Report only the number of lines in the following entries where the word "metis" occurs.

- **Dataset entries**
^^^^^^^^
lemma convex_on_if_affine_minorants:
  fixes h :: "'a::real_inner \<Rightarrow> real"
  assumes "convex S" and minorant: "\<And>z. z \<in> S \<Longrightarrow> \<exists>w. \<forall>x\<in>S. h z + inner w (x - z) \<le> h x"
  shows "convex_on S h"
proof (rule convex_onI[OF _ \<open>convex S\<close>])
  fix t :: real and x y assume t: "0 < t" "t < 1" and "x \<in> S" "y \<in> S"
  define z where "z = (1 - t) *\<^sub>R x + t *\<^sub>R y"
  have "z \<in> S" using \<open>convex S\<close> \<open>x \<in> S\<close> \<open>y \<in> S\<close> t by (simp add: z_def convex_alt)
  then obtain w where w: "\<And>x. x \<in> S \<Longrightarrow> h z + inner w (x - z) \<le> h x" using minorant by blast
  have "(1 - t) * inner w (x - z) + t * inner w (y - z) = 0"
    by (simp add: z_def inner_diff_right inner_add_right algebra_simps)
  then have "h z = (1 - t) * (h z + inner w (x - z)) + t * (h z + inner w (y - z))"
    by (simp add: algebra_simps)
  also have "\<dots> \<le> (1 - t) * h x + t * h y"
    using w[OF \<open>x \<in> S\<close>] w[OF \<open>y \<in> S\<close>] t by (intro add_mono mult_left_mono) simp_all
  finally show "h ((1 - t) *\<^sub>R x + t *\<^sub>R y) \<le> (1 - t) * h x + t * h y"
    by (simp add: z_def)
qed

definition lower_quadratic_support_on :: "'a set \<Rightarrow> real \<Rightarrow> ('a::real_inner \<Rightarrow> real) \<Rightarrow> bool" where
  "lower_quadratic_support_on S A f \<longleftrightarrow>
     (\<forall>x\<in>S. \<exists>v. \<forall>y\<in>S. f x + inner v (y - x) - A / 2 * (norm (y - x))\<^sup>2 \<le> f y)"
(* Let $\mathcal E$ be an exchangeability system for a noncommutative probability space $(\mathcal A,\phi)$, let $X_1,\dots,X_n\in\mathcal A$, let $\omega$ be a primitive $n$-th root of unity and $X_j^\omega=\sum_{k=1}^n\omega^kX_j^{(k)}$. If $j_1<j_2<\dots<j_m$ is a subsequence of $1,2,\dots,n$ with $m<n$, then $\tilde\phi(X_{j_1}^\omega X_{j_2}^\omega\cdots X_{j_m}^\omega)=0$.
   Context: A noncommutative probability space is a pair $(\mathcal A,\phi)$ of a complex unital algebra $\mathcal A$ and a unital linear functional $\phi$. An exchangeability system $\mathcal E$ for $(\mathcal A,\phi)$ consists of a noncommutative probability space $(\mathcal U,\tilde\phi)$ and a family $(\iota_k)_{k\in\mathbb N}$ of embeddings (injective unital algebra homomorphisms) $\iota_k:\mathcal A\to\mathcal A_k\subseteq\mathcal U$ with $\tilde\phi\circ\iota_k=\phi$; write $X^{(k)}=\iota_k(X)$. It is required that for all $X_1,\dots,X_n\in\mathcal A$, all indices $i_1,\dots,i_n\in\mathbb N$ and every bijection $\sigma$ of $\mathbb N$, $\tilde\phi(X_1^{(i_1)}\cdots X_n^{(i_n)})=\tilde\phi(X_1^{(\sigma(i_1))}\cdots X_n^{(\sigma(i_n))})$. *)

theory Defs
  imports Complex_Main
begin

class complex_algebra_1 = ring_1 +
  fixes scaleC :: "complex \<Rightarrow> 'a \<Rightarrow> 'a" (infixr "*\<^sub>C" 75)
  assumes scaleC_add_right: "c *\<^sub>C (x + y) = c *\<^sub>C x + c *\<^sub>C y"
    and scaleC_add_left: "(c + d) *\<^sub>C x = c *\<^sub>C x + d *\<^sub>C x"
    and scaleC_scaleC: "c *\<^sub>C (d *\<^sub>C x) = (c * d) *\<^sub>C x"
    and scaleC_one: "1 *\<^sub>C x = x"
    and mult_scaleC_left: "(c *\<^sub>C x) * y = c *\<^sub>C (x * y)"
    and mult_scaleC_right: "x * (c *\<^sub>C y) = c *\<^sub>C (x * y)"

definition ncps :: "('a::complex_algebra_1 \<Rightarrow> complex) \<Rightarrow> bool" where
  "ncps \<phi> \<longleftrightarrow> (\<forall>x y. \<phi> (x + y) = \<phi> x + \<phi> y) \<and> (\<forall>c x. \<phi> (c *\<^sub>C x) = c * \<phi> x)
      \<and> \<phi> 1 = 1"

definition alg_embedding :: "('a::complex_algebra_1 \<Rightarrow> 'b::complex_algebra_1) \<Rightarrow> bool" where
  "alg_embedding f \<longleftrightarrow> inj f \<and> f 1 = 1 \<and> (\<forall>x y. f (x + y) = f x + f y)
      \<and> (\<forall>x y. f (x * y) = f x * f y) \<and> (\<forall>c x. f (c *\<^sub>C x) = c *\<^sub>C f x)"

text \<open>Exchangeability system (U, phi~, (iota_k)) for (A, phi); indices range over nat.
  A mixed word X_1^(i_1)...X_n^(i_n) is given as a list of pairs (X_l, i_l).\<close>
definition exchangeability_system ::
  "('a::complex_algebra_1 \<Rightarrow> complex) \<Rightarrow> ('u::complex_algebra_1 \<Rightarrow> complex) \<Rightarrow> (nat \<Rightarrow> 'a \<Rightarrow> 'u) \<Rightarrow> bool" where
  "exchangeability_system \<phi> \<phi>t \<iota> \<longleftrightarrow>
     ncps \<phi> \<and> ncps \<phi>t \<and> (\<forall>k. alg_embedding (\<iota> k)) \<and> (\<forall>k. \<phi>t \<circ> \<iota> k = \<phi>) \<and>
     (\<forall>(ws :: ('a \<times> nat) list) \<sigma>. bij \<sigma> \<longrightarrow>
        \<phi>t (prod_list (map (\<lambda>(x, i). \<iota> i x) ws)) =
        \<phi>t (prod_list (map (\<lambda>(x, i). \<iota> (\<sigma> i) x) ws)))"

definition primitive_root_of_unity :: "nat \<Rightarrow> complex \<Rightarrow> bool" where
  "primitive_root_of_unity n \<omega> \<longleftrightarrow> n > 0 \<and> \<omega> ^ n = 1 \<and> (\<forall>k. 0 < k \<and> k < n \<longrightarrow> \<omega> ^ k \<noteq> 1)"

end

theory Submission
  imports Defs
begin

text \<open>Multiplying out, the moment becomes a sum of mixed moments
  \<open>\<phi>t (\<iota> k\<^sub>1 x\<^sub>1 \<cdots> \<iota> k\<^sub>m x\<^sub>m)\<close> weighted by \<open>\<omega> ^ (k\<^sub>1 + \<dots> + k\<^sub>m)\<close>.
  Relabelling the copies by the cyclic shift \<open>k \<mapsto> k + 1 (mod n)\<close> of \<open>{1..n}\<close> leaves every
  mixed moment unchanged by exchangeability but multiplies every weight by \<open>\<omega> ^ m\<close>. Hence
  the sum \<open>S\<close> satisfies \<open>S = \<omega> ^ m * S\<close>, and \<open>\<omega> ^ m \<noteq> 1\<close> because \<open>\<omega>\<close> is primitive and
  \<open>0 < m < n\<close>.\<close>

lemma ncps_zero: "ncps \<phi> \<Longrightarrow> \<phi> 0 = 0"
  unfolding ncps_def by (metis add_cancel_right_left add_0)

lemma ncps_sum: "ncps \<phi> \<Longrightarrow> \<phi> (sum f A) = (\<Sum>a\<in>A. \<phi> (f a))"
  by (induction A rule: infinite_finite_induct) (auto simp: ncps_zero ncps_def)

definition mixed_word :: "(nat \<Rightarrow> 'a \<Rightarrow> 'u::complex_algebra_1) \<Rightarrow> 'a list \<Rightarrow> nat list \<Rightarrow> 'u" where
  "mixed_word \<iota> xs ks = prod_list (map (\<lambda>(x, i). \<iota> i x) (zip xs ks))"

lemma prod_list_sum_expand:
  fixes \<iota> :: "nat \<Rightarrow> 'a \<Rightarrow> 'u::complex_algebra_1"
  shows "prod_list (map (\<lambda>x. \<Sum>k\<in>K. c k *\<^sub>C \<iota> k x) xs)
    = (\<Sum>ks\<in>{ks. set ks \<subseteq> K \<and> length ks = length xs}. prod_list (map c ks) *\<^sub>C mixed_word \<iota> xs ks)"
proof (induction xs)
  case Nil
  have "{ks. set ks \<subseteq> K \<and> length ks = 0} = {[]}" by auto
  then show ?case by (simp add: mixed_word_def scaleC_one)
next
  case (Cons x xs)
  let ?L = "{ks. set ks \<subseteq> K \<and> length ks = length xs}"
  have "prod_list (map (\<lambda>x. \<Sum>k\<in>K. c k *\<^sub>C \<iota> k x) (x # xs))
     = (\<Sum>k\<in>K. c k *\<^sub>C \<iota> k x) * (\<Sum>ks\<in>?L. prod_list (map c ks) *\<^sub>C mixed_word \<iota> xs ks)"
    using Cons by simp
  also have "\<dots> = (\<Sum>ks\<in>?L. \<Sum>k\<in>K. (c k *\<^sub>C \<iota> k x) * (prod_list (map c ks) *\<^sub>C mixed_word \<iota> xs ks))"
    by (simp add: sum_distrib_left sum_distrib_right sum.swap[of _ K])
  also have "\<dots> = (\<Sum>(ks, k)\<in>?L \<times> K. prod_list (map c (k # ks)) *\<^sub>C mixed_word \<iota> (x # xs) (k # ks))"
    by (simp add: sum.cartesian_product mixed_word_def mult_scaleC_left mult_scaleC_right
        scaleC_scaleC mult.commute)
  also have "\<dots> = (\<Sum>ks\<in>{ks. set ks \<subseteq> K \<and> length ks = length (x # xs)}.
      prod_list (map c ks) *\<^sub>C mixed_word \<iota> (x # xs) ks)"
    unfolding length_Cons lists_length_Suc_eq
    by (subst sum.reindex[OF inj_split_Cons]) (simp add: case_prod_unfold comp_def)
  finally show ?case .
qed

text \<open>Extended by the identity outside \<open>{1..n}\<close>, since exchangeability only speaks about
  bijections of all of \<open>nat\<close>.\<close>

definition cyclic_shift :: "nat \<Rightarrow> nat \<Rightarrow> nat" where
  "cyclic_shift n k = (if 1 \<le> k \<and> k < n then k + 1 else if k = n then 1 else k)"

lemma bij_cyclic_shift:
  assumes "0 < n" shows "bij (cyclic_shift n)"
proof (rule o_bij)
  let ?back = "\<lambda>k. if 2 \<le> k \<and> k \<le> n then k - 1 else if k = 1 then n else k"
  show "?back \<circ> cyclic_shift n = id" "cyclic_shift n \<circ> ?back = id"
    using assms by (auto simp: cyclic_shift_def fun_eq_iff)
qed

lemma cyclic_shift_in_range: "k \<in> {1..n} \<Longrightarrow> cyclic_shift n k \<in> {1..n}"
  by (auto simp: cyclic_shift_def)

lemma power_cyclic_shift:
  fixes \<omega> :: "'a::monoid_mult"
  assumes "\<omega> ^ n = 1" "k \<in> {1..n}"
  shows "\<omega> ^ cyclic_shift n k = \<omega> * \<omega> ^ k"
  using assms by (auto simp: cyclic_shift_def power_commutes)

lemma exchangeability_mixed_word_relabel:
  assumes "exchangeability_system \<phi> \<phi>t \<iota>" and "bij \<sigma>"
  shows "\<phi>t (mixed_word \<iota> xs (map \<sigma> ks)) = \<phi>t (mixed_word \<iota> xs ks)"
proof -
  have "map (\<lambda>(x, i). \<iota> i x) (zip xs (map \<sigma> ks)) = map (\<lambda>(x, i). \<iota> (\<sigma> i) x) (zip xs ks)"
    by (simp add: zip_map2 case_prod_unfold)
  then show ?thesis
    using assms unfolding mixed_word_def exchangeability_system_def by metis
qed

lemma shift_invariant_twisted_sum_eq_0:
  fixes F :: "nat list \<Rightarrow> complex"
  assumes "0 < n" "\<omega> ^ n = 1" "\<omega> ^ l \<noteq> 1"
    and invariant: "\<And>ks. F (map (cyclic_shift n) ks) = F ks"
  shows "(\<Sum>ks\<in>{ks. set ks \<subseteq> {1..n} \<and> length ks = l}. prod_list (map ((^) \<omega>) ks) * F ks) = 0"
    (is "?S = 0")
proof -
  let ?L = "{ks. set ks \<subseteq> {1..n} \<and> length ks = l}"
  let ?\<sigma> = "cyclic_shift n"
  have twist: "prod_list (map ((^) \<omega>) (map ?\<sigma> ks)) = \<omega> ^ length ks * prod_list (map ((^) \<omega>) ks)"
    if "set ks \<subseteq> {1..n}" for ks
    using that by (induction ks) (auto simp: power_cyclic_shift[OF \<open>\<omega> ^ n = 1\<close>])
  have "inj_on (map ?\<sigma>) ?L"
    using inj_mapI[OF bij_is_inj[OF bij_cyclic_shift[OF \<open>0 < n\<close>]]] by (rule inj_on_subset) simp
  moreover have "map ?\<sigma> ` ?L \<subseteq> ?L"
    using cyclic_shift_in_range by (fastforce simp del: atLeastAtMost_iff)
  ultimately have permutes: "map ?\<sigma> ` ?L = ?L"
    by (simp add: endo_inj_surj finite_lists_length_eq)
  have "?S = (\<Sum>ks\<in>map ?\<sigma> ` ?L. prod_list (map ((^) \<omega>) ks) * F ks)"
    by (simp only: permutes)
  also have "\<dots> = (\<Sum>ks\<in>?L. prod_list (map ((^) \<omega>) (map ?\<sigma> ks)) * F (map ?\<sigma> ks))"
    unfolding sum.reindex[OF \<open>inj_on (map ?\<sigma>) ?L\<close>] comp_def ..
  also have "\<dots> = \<omega> ^ l * ?S"
    unfolding sum_distrib_left
  proof (rule sum.cong)
    fix ks assume "ks \<in> ?L"
    then have "set ks \<subseteq> {1..n}" "length ks = l" by auto
    then show "prod_list (map ((^) \<omega>) (map ?\<sigma> ks)) * F (map ?\<sigma> ks)
      = \<omega> ^ l * (prod_list (map ((^) \<omega>) ks) * F ks)"
      by (simp only: twist invariant mult.assoc)
  qed simp
  finally have "\<omega> ^ l * ?S = ?S" by (rule sym)
  then show ?thesis
    using \<open>\<omega> ^ l \<noteq> 1\<close> by (simp only: mult_cancel_right2) simp
qed

lemma exchangeability_twisted_product_eq_0:
  assumes ex: "exchangeability_system \<phi> \<phi>t \<iota>"
    and root: "primitive_root_of_unity n \<omega>"
    and "0 < length xs" "length xs < n"
  shows "\<phi>t (prod_list (map (\<lambda>x. \<Sum>k=1..n. (\<omega> ^ k) *\<^sub>C \<iota> k x) xs)) = 0"
proof -
  have "ncps \<phi>t" using ex by (simp add: exchangeability_system_def)
  then have "\<phi>t (prod_list (map (\<lambda>x. \<Sum>k=1..n. (\<omega> ^ k) *\<^sub>C \<iota> k x) xs))
    = (\<Sum>ks\<in>{ks. set ks \<subseteq> {1..n} \<and> length ks = length xs}.
        prod_list (map ((^) \<omega>) ks) * \<phi>t (mixed_word \<iota> xs ks))"
    by (simp add: prod_list_sum_expand ncps_sum ncps_def)
  also have "\<dots> = 0"
  proof (rule shift_invariant_twisted_sum_eq_0)
    show "0 < n" "\<omega> ^ n = 1" "\<omega> ^ length xs \<noteq> 1"
      using root assms(3,4) by (auto simp: primitive_root_of_unity_def)
    then show "\<phi>t (mixed_word \<iota> xs (map (cyclic_shift n) ks)) = \<phi>t (mixed_word \<iota> xs ks)" for ks
      by (simp add: exchangeability_mixed_word_relabel[OF ex bij_cyclic_shift])
  qed
  finally show ?thesis .
qed

theorem lemma2p4:
  fixes \<phi> :: "'a::complex_algebra_1 \<Rightarrow> complex"
    and \<phi>t :: "'u::complex_algebra_1 \<Rightarrow> complex"
    and \<iota> :: "nat \<Rightarrow> 'a \<Rightarrow> 'u"
    and X :: "nat \<Rightarrow> 'a" and n m :: nat and \<omega> :: complex and j :: "nat \<Rightarrow> nat"
  assumes "exchangeability_system \<phi> \<phi>t \<iota>"
    and "primitive_root_of_unity n \<omega>"
    and "1 \<le> m" and "m < n"
    and "\<forall>i\<in>{1..m}. 1 \<le> j i \<and> j i \<le> n"
    and "\<forall>i\<in>{1..<m}. j i < j (Suc i)"
  shows "\<phi>t (prod_list (map (\<lambda>i. \<Sum>k=1..n. (\<omega> ^ k) *\<^sub>C \<iota> k (X (j i))) [1..<m+1])) = 0"
  using exchangeability_twisted_product_eq_0[OF assms(1,2), of "map (X \<circ> j) [1..<m+1]"] assms(3,4)
  by (simp add: comp_def)

end
lemma XF_up_Int_topspace:
  assumes "C \<in> clusters W R" "D \<in> clusters W R"
  shows "XF_up W R XC C \<inter> topspace (XC D) = (if clR_up R C D then topspace (XC D) else {})"
  using assms disjoint_family_onD[OF disj] unfolding XF_up_def by auto

lemma openin_XF_Un_up:
  assumes C: "C \<in> clusters W R" and V: "openin (XC C) V"
  shows "openin (XF W R XC) (V \<union> XF_up W R XC C)"
  unfolding openin_XF XF_open_def
proof (intro conjI ballI impI)
  have trace: "(V \<union> XF_up W R XC C) \<inter> topspace (XC D) =
      (if D = C then V else if clR_up R C D then topspace (XC D) else {})"
    if D: "D \<in> clusters W R" for D
    using XF_up_Int_topspace[OF C D] XF_up_Int_topspace[OF C C] openin_subset[OF V]
      disjoint_family_onD[OF disj C D] by (auto simp: clR_up_def)
  show "V \<union> XF_up W R XC C \<subseteq> (\<Union>C\<in>clusters W R. topspace (XC C))"
    using C openin_subset[OF V] by (auto simp: XF_up_def)
  show "openin (XC D) ((V \<union> XF_up W R XC C) \<inter> topspace (XC D))" if "D \<in> clusters W R" for D
    using trace[OF that] V by simp
  fix D D' assume D: "D \<in> clusters W R" and D': "D' \<in> clusters W R"
    and "(V \<union> XF_up W R XC C) \<inter> topspace (XC D) \<noteq> {}" and "clR_up R D D'"
  then have "clR_up R C D'"
    using trace[OF D] clR_up_trans[OF tr C D D'] by (auto split: if_splits)
  then show "topspace (XC D') \<subseteq> V \<union> XF_up W R XC C"
    using D' by (auto simp: XF_up_def)
qed

lemma subtopology_XF_cluster:
  assumes C: "C \<in> clusters W R"
  shows "subtopology (XF W R XC) (topspace (XC C)) = XC C"
  unfolding topology_eq openin_subtopology
proof (intro allI iffI)
  fix S assume "\<exists>T. openin (XF W R XC) T \<and> S = T \<inter> topspace (XC C)"
  then show "openin (XC C) S"
    using C by (auto simp: openin_XF XF_open_def)
next
  fix S assume S: "openin (XC C) S"
  then have "S = (S \<union> XF_up W R XC C) \<inter> topspace (XC C)"
    using XF_up_Int_topspace[OF C C] openin_subset by (auto simp: clR_up_def)
  then show "\<exists>T. openin (XF W R XC) T \<and> S = T \<inter> topspace (XC C)"
    using openin_XF_Un_up[OF C S] by blast
qed

end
^^^^^^^^
- **OUTPUT FOR THIS TASK**
2